Police chief David Kimaiyo reacted by summoning two journalists and a media executive for questioning, although the summons was retracted following a media outcry. Still, President Kenyatta said the media "should not be too quick to vilify our security forces" and said too much coverage was being given to terrorists.

Under the new bill, media houses can be fined up to 20 million Kenyan shillings and individual journalists up to one million, with the additional risk of being "de-listed", or barred from receiving official press accreditation. The tribunal also has the power to seize the property of an offender if a fine is not paid.
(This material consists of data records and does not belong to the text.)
definition vtype :: "nat \<Rightarrow> nat \<Rightarrow> (int \<times> int) list \<Rightarrow> nat set \<Rightarrow> ('v,'e) curve \<Rightarrow> ('e \<Rightarrow> bool) \<Rightarrow> nat \<Rightarrow> 'v \<Rightarrow> bool" where
  "vtype r s \<Delta> F C ori k v \<longleftrightarrow> (let N = nc_flags C \<Delta> v; I = {f\<in>N. \<not> outgoing ori F f}; Ou = {f\<in>N. outgoing ori F f} in
     (k = 1 \<and> has_real_mark r s C v \<and> card N = 2 \<and> (\<forall>f\<in>N. fodd C \<Delta> f \<and> outgoing ori F f))
   \<or> (k = 2 \<and> unmarked3 r s \<Delta> C v \<and> (\<forall>f\<in>N. fodd C \<Delta> f) \<and> card I = 2 \<and> card Ou = 1)
   \<or> (k = 3 \<and> unmarked3 r s \<Delta> C v \<and> card I = 2 \<and> card Ou = 1 \<and>
        (\<exists>f\<in>I. \<exists>g\<in>I. feven C \<Delta> f \<and> fodd C \<Delta> g) \<and> (\<forall>f\<in>Ou. fodd C \<Delta> f))
   \<or> (k = 4 \<and> unmarked3 r s \<Delta> C v \<and> (\<forall>f\<in>N. feven C \<Delta> f) \<and> card I = 2 \<and> card Ou = 1)
   \<or> (k = 5 \<and> has_complex_mark r s C v \<and> card N = 3 \<and> (\<forall>f\<in>N. fodd C \<Delta> f \<and> outgoing ori F f))
   \<or> (k = 6 \<and> has_complex_mark r s C v \<and> card N = 3 \<and> (\<forall>f\<in>N. outgoing ori F f) \<and>
        card {f\<in>N. feven C \<Delta> f} = 1 \<and> card {f\<in>N. fodd C \<Delta> f} = 2))"

definition old_broccoli :: "nat \<Rightarrow> nat \<Rightarrow> (int \<times> int) list \<Rightarrow> nat set \<Rightarrow> ('v,'e) curve \<Rightarrow> ('e \<Rightarrow> bool) \<Rightarrow> bool" where
  "old_broccoli r s \<Delta> F C ori \<longleftrightarrow> in_Mor r s \<Delta> F C ori \<and>
     (\<forall>v\<in>verts C. \<exists>k\<in>{1..6}. vtype r s \<Delta> F C ori k v)"

definition n_type :: "nat \<Rightarrow> nat \<Rightarrow> (int \<times> int) list \<Rightarrow> nat set \<Rightarrow> ('v,'e) curve \<Rightarrow> ('e \<Rightarrow> bool) \<Rightarrow> nat \<Rightarrow> nat" where
  "n_type r s \<Delta> F C ori k = card {v\<in>verts C. vtype r s \<Delta> F C ori k v}"

definition e_fixed :: "(int \<times> int) list \<Rightarrow> nat set \<Rightarrow> nat" where
  "e_fixed \<Delta> F = card {i. i < length \<Delta> \<and> i \<in> F \<and> even (vweight (\<Delta> ! i))}"

definition e_nonfixed :: "(int \<times> int) list \<Rightarrow> nat set \<Rightarrow> nat" where
  "e_nonfixed \<Delta> F = card {i. i < length \<Delta> \<and> i \<notin> F \<and> even (vweight (\<Delta> ! i))}"

definition det2 :: "int \<times> int \<Rightarrow> int \<times> int \<Rightarrow> int" where
  "det2 u w = fst u * snd w - snd u * fst w"

text \<open>Mikhalkin multiplicity of a vertex with exactly three non-contracted adjacent edges
(well defined by balancing)\<close>
definition mikh_mult :: "('v,'e) curve \<Rightarrow> (int \<times> int) list \<Rightarrow> 'v \<Rightarrow> int" where
  "mikh_mult C \<Delta> v = (SOME m. \<exists>f\<in>nc_flags C \<Delta> v. \<exists>g\<in>nc_flags C \<Delta> v. f \<noteq> g \<and>
       m = \<bar>det2 (fdir C \<Delta> f) (fdir C \<Delta> g)\<bar>)"

definition V_cm :: "nat \<Rightarrow> nat \<Rightarrow> (int \<times> int) list \<Rightarrow> ('v,'e) curve \<Rightarrow> 'v set" where
  "V_cm r s \<Delta> C = {v\<in>verts C. has_complex_mark r s C v \<and> card (nc_flags C \<Delta> v) = 3 \<and>
                      even (mikh_mult C \<Delta> v)}"

definition V_wcm :: "nat \<Rightarrow> nat \<Rightarrow> (int \<times> int) list \<Rightarrow> ('v,'e) curve \<Rightarrow> 'v set" where
  "V_wcm r s \<Delta> C = {v\<in>verts C. unmarked3 r s \<Delta> C v \<and> even (mikh_mult C \<Delta> v)}"

definition broccoli_index :: "nat \<Rightarrow> nat \<Rightarrow> (int \<times> int) list \<Rightarrow> nat set \<Rightarrow> ('v,'e) curve \<Rightarrow> int" where
  "broccoli_index r s \<Delta> F C =
     - int (card (V_cm r s \<Delta> C)) - int (e_fixed \<Delta> F) + int (card (V_wcm r s \<Delta> C)) + int (e_nonfixed \<Delta> F)"

end

theory Submission
  imports Defs
begin

text \<open>Give every non-contracted flag of even weight the charge \<open>+1\<close> if its edge points into
the vertex and \<open>-1\<close> if it points out.  The two flags of a bounded edge carry opposite
orientations and equal weight, so they cancel, and the total charge is \<open>e_f - e_n\<close>.
Counted per vertex, a vertex of type (3), (4), (6) has charge \<open>1\<close>, \<open>2 - 1\<close>, \<open>-1\<close>, and all
other types have only odd edges.  For the index: by balancing, the determinant of two of
the three edge vectors at a vertex is even iff one of the three vectors is even, so
\<open>V_cm\<close> consists of the type (6) vertices and \<open>V_wcm\<close> of the type (3) and (4) vertices.\<close>

fun flag_vertex :: "('v, 'e) curve \<Rightarrow> 'e flag \<Rightarrow> 'v" where
  "flag_vertex C (FSrc e) = src C e"
| "flag_vertex C (FTgt e) = tgt C e"
| "flag_vertex C (FEnd i) = endv C i"

definition all_flags :: "('v, 'e) curve \<Rightarrow> (int \<times> int) list \<Rightarrow> 'e flag set" where
  "all_flags C \<Delta> = FSrc ` edges C \<union> FTgt ` edges C \<union> FEnd ` {..<length \<Delta>}"

lemma flags_at_eq: "flags_at C \<Delta> v = {f \<in> all_flags C \<Delta>. flag_vertex C f = v}"
  unfolding flags_at_def all_flags_def by auto

lemma finite_all_flags: "is_curve r s \<Delta> C \<Longrightarrow> finite (all_flags C \<Delta>)"
  unfolding is_curve_def all_flags_def by auto

lemma finite_flags_at:
  assumes "is_curve r s \<Delta> C"
  shows "finite (flags_at C \<Delta> v)"
  using finite_all_flags[OF assms] unfolding flags_at_eq by simp

lemma sum_over_vertices_flags_at:
  assumes "is_curve r s \<Delta> C"
  shows "(\<Sum>v\<in>verts C. \<Sum>f\<in>flags_at C \<Delta> v. \<phi> f) = (\<Sum>f\<in>all_flags C \<Delta>. \<phi> f)"
proof -
  have "finite (verts C)" "flag_vertex C ` all_flags C \<Delta> \<subseteq> verts C"
    using assms unfolding is_curve_def all_flags_def by auto
  then show ?thesis
    unfolding flags_at_eq by (rule sum.group[OF finite_all_flags[OF assms]])
qed

lemma even_vweight_iff: "even (vweight d) \<longleftrightarrow> even (fst d) \<and> even (snd d)"
  unfolding vweight_def by simp

lemma even_det2_iff:
  assumes "fst u + fst v + fst w = 0" "snd u + snd v + snd w = 0"
  shows "even (det2 u v) \<longleftrightarrow> even (vweight u) \<or> even (vweight v) \<or> even (vweight w)"
proof -
  obtain a b c d where uv: "u = (a, b)" "v = (c, d)" by fastforce
  have w: "w = (- a - c, - b - d)" using assms uv by (cases w) auto
  show ?thesis
    unfolding uv w det2_def even_vweight_iff
    by (cases "even a"; cases "even b"; cases "even c"; cases "even d"; simp)
qed

lemma card_3_remaining_elem:
  assumes "card N = 3" "f \<in> N" "g \<in> N" "f \<noteq> g"
  obtains h where "N = {f, g, h}" "h \<noteq> f" "h \<noteq> g"
  using assms by (auto simp: card_3_iff)

lemma nc_flags_balanced:
  assumes "is_curve r s \<Delta> C" "v \<in> verts C"
  shows "(\<Sum>f\<in>nc_flags C \<Delta> v. fst (fdir C \<Delta> f)) = 0"
    and "(\<Sum>f\<in>nc_flags C \<Delta> v. snd (fdir C \<Delta> f)) = 0"
proof -
  have fin: "finite (flags_at C \<Delta> v)" using finite_flags_at[OF assms(1)] .
  have sub: "nc_flags C \<Delta> v \<subseteq> flags_at C \<Delta> v"
    and zero: "\<forall>f\<in>flags_at C \<Delta> v - nc_flags C \<Delta> v. fdir C \<Delta> f = (0, 0)"
    unfolding nc_flags_def by auto
  have restrict: "(\<Sum>f\<in>nc_flags C \<Delta> v. \<phi> (fdir C \<Delta> f)) = (\<Sum>f\<in>flags_at C \<Delta> v. \<phi> (fdir C \<Delta> f))"
    if "\<phi> (0, 0) = 0" for \<phi> :: "int \<times> int \<Rightarrow> int"
    by (rule sum.mono_neutral_left[OF fin sub]) (use zero that in auto)
  show "(\<Sum>f\<in>nc_flags C \<Delta> v. fst (fdir C \<Delta> f)) = 0"
    using restrict[of fst] assms unfolding is_curve_def by auto
  show "(\<Sum>f\<in>nc_flags C \<Delta> v. snd (fdir C \<Delta> f)) = 0"
    using restrict[of snd] assms unfolding is_curve_def by auto
qed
According to the Daily Nation, "even one fine is enough to cripple most FM stations". It also said the measures could have a devastating effect on what it described as Kenya's "lively blogosphere".

"By silencing the media, politicians know they can do whatever they like with impunity. No one will ever know," wrote Nation journalist Mutuma Mathiu, describing the Kenyan media as a key source of checks and balances in public life.

"Left to themselves, politicians would bankrupt the country and take us back to hunting and gathering," he wrote.

Responding to the outcry, Kenya's Information Minister Fred Matiang'i appealed for calm and asserted a compromise could be found.

"Freedom of the press is not under attack in Kenya," he said. "There is room for dialogue, there is room for a conversation on the legislation."

Kenyan lawmakers have been the target of public anger in the past. In May they voted to overturn cuts ordered by the national salaries commission and reinstate their hefty salaries of around 532,000 shillings (4,800 euros, around 6,200 dollars) a month tax-free -- ranked among the highest in the world.